→ **Problem description**: Show each line of the records in which the word "most" occurs.

[Stored data entries]
[Start of Attachment]

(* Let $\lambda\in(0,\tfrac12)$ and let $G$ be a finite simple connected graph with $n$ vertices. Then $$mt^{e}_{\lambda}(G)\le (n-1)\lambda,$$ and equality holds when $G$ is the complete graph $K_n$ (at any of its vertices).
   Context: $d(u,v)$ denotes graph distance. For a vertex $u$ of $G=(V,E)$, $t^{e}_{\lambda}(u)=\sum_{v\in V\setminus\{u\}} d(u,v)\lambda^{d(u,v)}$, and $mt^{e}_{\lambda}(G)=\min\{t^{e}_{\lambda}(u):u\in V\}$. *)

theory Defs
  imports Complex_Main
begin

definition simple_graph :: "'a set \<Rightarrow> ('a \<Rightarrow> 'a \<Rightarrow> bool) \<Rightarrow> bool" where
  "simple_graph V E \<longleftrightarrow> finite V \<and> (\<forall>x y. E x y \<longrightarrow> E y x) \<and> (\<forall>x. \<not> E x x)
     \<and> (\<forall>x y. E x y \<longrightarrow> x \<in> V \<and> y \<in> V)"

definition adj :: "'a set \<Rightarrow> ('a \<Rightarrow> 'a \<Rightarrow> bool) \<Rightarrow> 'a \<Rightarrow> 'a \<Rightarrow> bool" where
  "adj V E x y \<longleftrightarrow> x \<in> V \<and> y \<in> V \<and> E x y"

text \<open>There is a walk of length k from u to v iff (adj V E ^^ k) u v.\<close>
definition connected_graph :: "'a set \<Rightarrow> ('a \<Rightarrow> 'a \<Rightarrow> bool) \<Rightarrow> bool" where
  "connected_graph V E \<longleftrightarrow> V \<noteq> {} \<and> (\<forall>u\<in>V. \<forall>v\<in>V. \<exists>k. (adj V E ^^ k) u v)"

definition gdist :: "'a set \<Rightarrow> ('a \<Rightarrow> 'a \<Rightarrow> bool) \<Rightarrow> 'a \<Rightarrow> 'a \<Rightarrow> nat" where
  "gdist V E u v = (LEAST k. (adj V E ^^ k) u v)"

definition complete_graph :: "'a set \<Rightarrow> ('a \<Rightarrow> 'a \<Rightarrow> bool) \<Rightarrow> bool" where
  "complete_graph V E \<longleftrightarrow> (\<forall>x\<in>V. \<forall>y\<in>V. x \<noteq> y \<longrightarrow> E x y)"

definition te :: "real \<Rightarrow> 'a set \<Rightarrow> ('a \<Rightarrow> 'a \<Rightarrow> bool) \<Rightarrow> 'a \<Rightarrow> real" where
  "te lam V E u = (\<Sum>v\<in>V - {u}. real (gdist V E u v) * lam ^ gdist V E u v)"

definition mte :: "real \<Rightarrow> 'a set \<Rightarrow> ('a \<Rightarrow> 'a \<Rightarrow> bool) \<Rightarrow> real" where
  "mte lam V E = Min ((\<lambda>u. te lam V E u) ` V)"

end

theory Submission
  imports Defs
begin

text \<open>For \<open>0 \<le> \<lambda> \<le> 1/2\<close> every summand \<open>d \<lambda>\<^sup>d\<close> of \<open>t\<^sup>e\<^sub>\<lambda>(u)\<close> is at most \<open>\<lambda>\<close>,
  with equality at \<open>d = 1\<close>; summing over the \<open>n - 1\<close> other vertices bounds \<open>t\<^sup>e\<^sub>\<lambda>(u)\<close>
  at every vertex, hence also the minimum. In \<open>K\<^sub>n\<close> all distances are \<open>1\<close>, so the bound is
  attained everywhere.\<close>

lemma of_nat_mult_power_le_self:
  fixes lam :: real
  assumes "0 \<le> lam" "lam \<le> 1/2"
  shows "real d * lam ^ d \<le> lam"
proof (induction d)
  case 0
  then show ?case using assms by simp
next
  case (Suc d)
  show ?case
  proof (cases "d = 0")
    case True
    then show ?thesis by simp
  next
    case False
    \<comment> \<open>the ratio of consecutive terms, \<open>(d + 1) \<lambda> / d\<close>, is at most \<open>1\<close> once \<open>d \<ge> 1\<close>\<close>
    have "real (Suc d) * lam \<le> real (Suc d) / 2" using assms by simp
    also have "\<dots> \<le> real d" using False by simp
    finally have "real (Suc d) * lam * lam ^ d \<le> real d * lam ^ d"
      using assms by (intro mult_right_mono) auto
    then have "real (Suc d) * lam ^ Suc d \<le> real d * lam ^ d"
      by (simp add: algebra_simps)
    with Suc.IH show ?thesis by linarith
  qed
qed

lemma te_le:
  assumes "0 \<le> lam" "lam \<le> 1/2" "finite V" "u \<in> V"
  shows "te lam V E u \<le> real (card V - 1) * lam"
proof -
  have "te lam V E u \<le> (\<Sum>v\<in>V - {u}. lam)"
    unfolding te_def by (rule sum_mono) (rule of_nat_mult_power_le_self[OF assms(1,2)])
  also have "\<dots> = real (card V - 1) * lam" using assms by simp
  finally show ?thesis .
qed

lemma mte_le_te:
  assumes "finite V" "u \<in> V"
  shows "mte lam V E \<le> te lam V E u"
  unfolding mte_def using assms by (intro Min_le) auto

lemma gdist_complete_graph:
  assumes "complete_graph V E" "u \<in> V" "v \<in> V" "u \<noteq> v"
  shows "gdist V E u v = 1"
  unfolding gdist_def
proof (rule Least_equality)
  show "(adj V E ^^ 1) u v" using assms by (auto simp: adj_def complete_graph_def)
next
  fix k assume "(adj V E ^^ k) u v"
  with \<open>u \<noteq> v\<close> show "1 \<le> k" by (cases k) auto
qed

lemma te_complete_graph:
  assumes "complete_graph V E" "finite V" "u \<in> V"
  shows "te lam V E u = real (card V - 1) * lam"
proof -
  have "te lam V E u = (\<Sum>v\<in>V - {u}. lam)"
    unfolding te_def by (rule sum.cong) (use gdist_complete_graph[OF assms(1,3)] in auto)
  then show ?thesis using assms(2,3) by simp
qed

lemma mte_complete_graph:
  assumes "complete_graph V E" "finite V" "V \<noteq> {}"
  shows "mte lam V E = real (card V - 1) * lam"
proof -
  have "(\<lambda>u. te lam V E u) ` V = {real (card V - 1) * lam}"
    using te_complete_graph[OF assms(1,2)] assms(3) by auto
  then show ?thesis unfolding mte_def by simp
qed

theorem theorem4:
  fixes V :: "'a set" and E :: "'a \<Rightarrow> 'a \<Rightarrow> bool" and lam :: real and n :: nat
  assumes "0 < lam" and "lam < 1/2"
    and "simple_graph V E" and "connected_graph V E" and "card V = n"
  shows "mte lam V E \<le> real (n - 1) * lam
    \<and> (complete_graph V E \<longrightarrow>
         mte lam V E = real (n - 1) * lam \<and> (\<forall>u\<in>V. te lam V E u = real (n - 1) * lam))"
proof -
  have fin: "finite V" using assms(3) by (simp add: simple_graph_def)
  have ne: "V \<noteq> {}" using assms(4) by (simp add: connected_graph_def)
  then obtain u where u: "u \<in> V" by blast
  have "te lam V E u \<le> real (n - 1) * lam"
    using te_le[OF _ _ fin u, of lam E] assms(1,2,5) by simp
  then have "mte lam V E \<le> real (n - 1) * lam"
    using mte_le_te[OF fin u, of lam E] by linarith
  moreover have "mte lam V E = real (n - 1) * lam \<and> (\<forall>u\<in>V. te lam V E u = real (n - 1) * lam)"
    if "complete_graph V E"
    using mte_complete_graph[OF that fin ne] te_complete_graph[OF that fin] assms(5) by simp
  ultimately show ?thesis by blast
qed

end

[End of Attachment]
[Start of Attachment]

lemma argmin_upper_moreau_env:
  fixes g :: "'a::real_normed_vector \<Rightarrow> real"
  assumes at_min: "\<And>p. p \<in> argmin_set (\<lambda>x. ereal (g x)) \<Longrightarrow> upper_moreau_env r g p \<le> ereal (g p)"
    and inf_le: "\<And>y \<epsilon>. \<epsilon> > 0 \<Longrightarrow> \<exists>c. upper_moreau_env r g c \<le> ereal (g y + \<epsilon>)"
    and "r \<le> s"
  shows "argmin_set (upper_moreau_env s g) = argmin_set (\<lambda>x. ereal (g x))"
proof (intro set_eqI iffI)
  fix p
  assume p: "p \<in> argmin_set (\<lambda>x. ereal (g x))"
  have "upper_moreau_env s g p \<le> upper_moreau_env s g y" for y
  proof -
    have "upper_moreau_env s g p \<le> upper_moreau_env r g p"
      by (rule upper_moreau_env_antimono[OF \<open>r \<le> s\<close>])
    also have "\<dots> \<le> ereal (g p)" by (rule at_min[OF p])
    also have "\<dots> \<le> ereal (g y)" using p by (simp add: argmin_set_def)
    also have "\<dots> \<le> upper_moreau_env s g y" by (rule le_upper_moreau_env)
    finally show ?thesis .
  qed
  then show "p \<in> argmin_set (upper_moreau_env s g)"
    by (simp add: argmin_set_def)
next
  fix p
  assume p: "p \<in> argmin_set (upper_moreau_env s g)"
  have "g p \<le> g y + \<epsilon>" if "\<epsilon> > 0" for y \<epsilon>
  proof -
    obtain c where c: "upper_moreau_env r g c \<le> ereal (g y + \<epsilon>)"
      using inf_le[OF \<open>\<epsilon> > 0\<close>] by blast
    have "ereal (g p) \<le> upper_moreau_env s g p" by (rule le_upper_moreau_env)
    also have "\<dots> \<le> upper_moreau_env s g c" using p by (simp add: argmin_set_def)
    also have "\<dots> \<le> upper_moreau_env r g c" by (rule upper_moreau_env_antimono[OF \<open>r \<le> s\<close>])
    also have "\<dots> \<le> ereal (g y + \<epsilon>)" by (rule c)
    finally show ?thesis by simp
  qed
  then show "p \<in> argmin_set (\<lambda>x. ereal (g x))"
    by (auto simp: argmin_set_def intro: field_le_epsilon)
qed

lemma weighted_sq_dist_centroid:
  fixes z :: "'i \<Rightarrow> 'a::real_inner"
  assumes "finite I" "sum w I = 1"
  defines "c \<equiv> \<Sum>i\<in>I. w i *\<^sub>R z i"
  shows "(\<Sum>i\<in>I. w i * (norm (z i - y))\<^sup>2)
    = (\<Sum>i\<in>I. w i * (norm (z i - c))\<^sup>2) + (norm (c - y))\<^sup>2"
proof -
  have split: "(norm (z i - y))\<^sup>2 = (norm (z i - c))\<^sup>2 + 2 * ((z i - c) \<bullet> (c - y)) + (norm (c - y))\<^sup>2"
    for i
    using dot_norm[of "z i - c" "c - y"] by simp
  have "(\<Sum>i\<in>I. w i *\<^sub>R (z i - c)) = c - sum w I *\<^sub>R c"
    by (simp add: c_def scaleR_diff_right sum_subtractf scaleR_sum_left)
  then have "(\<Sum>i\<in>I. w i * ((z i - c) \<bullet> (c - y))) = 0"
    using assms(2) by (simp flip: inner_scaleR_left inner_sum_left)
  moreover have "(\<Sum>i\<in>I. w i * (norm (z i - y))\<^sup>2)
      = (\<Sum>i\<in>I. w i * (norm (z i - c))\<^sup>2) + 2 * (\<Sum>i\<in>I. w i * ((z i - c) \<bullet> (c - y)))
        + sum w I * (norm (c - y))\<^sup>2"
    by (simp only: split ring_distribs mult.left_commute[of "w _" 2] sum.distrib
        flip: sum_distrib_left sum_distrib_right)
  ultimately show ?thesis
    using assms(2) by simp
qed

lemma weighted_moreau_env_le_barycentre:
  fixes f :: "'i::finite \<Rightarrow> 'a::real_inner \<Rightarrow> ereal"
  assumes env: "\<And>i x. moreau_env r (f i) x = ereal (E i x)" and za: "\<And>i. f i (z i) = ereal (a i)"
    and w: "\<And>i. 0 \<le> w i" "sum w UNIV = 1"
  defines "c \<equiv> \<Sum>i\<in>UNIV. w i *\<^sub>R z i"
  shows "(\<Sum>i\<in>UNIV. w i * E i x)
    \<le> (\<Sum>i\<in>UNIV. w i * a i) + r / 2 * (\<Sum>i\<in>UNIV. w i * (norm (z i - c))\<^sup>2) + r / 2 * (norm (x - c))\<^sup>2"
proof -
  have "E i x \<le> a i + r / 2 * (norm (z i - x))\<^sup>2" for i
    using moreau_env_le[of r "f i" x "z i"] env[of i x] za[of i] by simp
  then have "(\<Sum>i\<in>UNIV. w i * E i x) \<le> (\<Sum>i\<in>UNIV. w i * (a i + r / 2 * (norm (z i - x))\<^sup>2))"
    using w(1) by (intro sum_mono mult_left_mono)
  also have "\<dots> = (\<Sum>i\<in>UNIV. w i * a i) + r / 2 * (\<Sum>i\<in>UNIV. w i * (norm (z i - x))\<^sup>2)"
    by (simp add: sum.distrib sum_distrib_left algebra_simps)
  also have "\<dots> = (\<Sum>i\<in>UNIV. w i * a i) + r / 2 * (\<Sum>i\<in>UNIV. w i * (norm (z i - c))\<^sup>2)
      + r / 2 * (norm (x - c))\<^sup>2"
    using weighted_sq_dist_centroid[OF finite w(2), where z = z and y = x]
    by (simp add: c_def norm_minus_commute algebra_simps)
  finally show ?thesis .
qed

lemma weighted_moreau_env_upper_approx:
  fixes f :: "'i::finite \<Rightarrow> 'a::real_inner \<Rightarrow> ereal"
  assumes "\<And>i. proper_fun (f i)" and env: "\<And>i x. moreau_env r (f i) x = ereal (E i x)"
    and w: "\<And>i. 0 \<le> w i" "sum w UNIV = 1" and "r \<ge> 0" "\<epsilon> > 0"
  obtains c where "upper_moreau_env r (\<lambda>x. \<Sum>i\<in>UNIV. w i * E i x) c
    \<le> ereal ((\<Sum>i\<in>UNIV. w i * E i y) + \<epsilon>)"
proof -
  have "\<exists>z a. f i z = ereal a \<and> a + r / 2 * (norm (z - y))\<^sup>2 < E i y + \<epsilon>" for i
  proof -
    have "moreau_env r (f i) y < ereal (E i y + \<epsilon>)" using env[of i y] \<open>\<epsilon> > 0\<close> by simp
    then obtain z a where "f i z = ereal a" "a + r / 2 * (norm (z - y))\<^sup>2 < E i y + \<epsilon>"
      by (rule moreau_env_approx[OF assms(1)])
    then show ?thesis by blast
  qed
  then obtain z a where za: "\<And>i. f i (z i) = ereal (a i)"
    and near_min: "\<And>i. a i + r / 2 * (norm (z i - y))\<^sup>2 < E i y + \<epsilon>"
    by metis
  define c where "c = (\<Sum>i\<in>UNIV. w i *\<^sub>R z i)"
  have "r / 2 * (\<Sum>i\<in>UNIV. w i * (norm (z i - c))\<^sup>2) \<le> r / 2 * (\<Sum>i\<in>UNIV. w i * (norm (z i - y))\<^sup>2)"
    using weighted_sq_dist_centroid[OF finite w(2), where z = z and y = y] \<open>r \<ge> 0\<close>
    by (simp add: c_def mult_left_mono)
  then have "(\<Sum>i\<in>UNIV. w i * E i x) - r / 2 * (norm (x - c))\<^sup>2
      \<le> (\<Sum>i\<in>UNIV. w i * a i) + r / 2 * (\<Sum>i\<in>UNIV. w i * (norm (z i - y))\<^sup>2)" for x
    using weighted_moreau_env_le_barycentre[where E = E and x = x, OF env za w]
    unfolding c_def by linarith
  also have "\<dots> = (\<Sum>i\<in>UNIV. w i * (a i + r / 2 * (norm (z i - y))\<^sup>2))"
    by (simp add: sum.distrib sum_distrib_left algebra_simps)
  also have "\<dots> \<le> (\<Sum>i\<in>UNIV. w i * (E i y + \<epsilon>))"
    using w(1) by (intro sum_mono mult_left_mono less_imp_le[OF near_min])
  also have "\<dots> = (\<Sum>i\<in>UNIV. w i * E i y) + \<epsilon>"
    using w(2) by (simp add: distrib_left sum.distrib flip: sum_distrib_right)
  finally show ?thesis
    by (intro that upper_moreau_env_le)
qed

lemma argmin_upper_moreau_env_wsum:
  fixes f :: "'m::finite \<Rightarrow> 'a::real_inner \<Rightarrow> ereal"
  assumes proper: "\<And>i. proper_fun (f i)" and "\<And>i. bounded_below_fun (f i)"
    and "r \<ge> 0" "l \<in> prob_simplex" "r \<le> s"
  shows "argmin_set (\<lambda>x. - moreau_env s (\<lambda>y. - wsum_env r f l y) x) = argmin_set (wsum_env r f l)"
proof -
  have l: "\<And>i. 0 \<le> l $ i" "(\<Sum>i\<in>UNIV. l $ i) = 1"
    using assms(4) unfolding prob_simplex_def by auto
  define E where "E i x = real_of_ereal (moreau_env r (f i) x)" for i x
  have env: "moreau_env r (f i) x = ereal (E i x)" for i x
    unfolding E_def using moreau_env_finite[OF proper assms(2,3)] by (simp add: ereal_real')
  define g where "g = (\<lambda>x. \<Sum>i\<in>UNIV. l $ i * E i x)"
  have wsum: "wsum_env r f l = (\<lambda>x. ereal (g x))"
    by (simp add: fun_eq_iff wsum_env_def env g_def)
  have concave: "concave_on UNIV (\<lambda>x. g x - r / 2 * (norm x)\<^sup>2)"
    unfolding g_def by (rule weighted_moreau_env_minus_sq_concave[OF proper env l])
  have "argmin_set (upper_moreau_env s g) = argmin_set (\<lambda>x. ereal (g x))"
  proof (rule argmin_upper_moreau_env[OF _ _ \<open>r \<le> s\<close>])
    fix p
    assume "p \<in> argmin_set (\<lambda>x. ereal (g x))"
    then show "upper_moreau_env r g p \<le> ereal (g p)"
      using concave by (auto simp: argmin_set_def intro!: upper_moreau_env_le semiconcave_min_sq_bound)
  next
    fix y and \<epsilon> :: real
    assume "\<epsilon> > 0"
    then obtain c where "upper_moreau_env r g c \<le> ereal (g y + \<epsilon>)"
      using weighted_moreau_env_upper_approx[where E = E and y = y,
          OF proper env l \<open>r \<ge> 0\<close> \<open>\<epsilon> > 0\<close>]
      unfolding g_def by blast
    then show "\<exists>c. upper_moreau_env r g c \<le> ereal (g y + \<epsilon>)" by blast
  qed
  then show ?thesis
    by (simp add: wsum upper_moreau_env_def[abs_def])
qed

[End of Attachment]

→ **Output of the task**:
text \<open>For \<open>0 \<le> \<lambda> \<le> 1/2\<close> every summand \<open>d \<lambda>\<^sup>d\<close> of \<open>t\<^sup>e\<^sub>\<lambda>(u)\<close> is at most \<open>\<lambda>\<close>,
    \<comment> \<open>the ratio of consecutive terms, \<open>(d + 1) \<lambda> / d\<close>, is at most \<open>1\<close> once \<open>d \<ge> 1\<close>\<close>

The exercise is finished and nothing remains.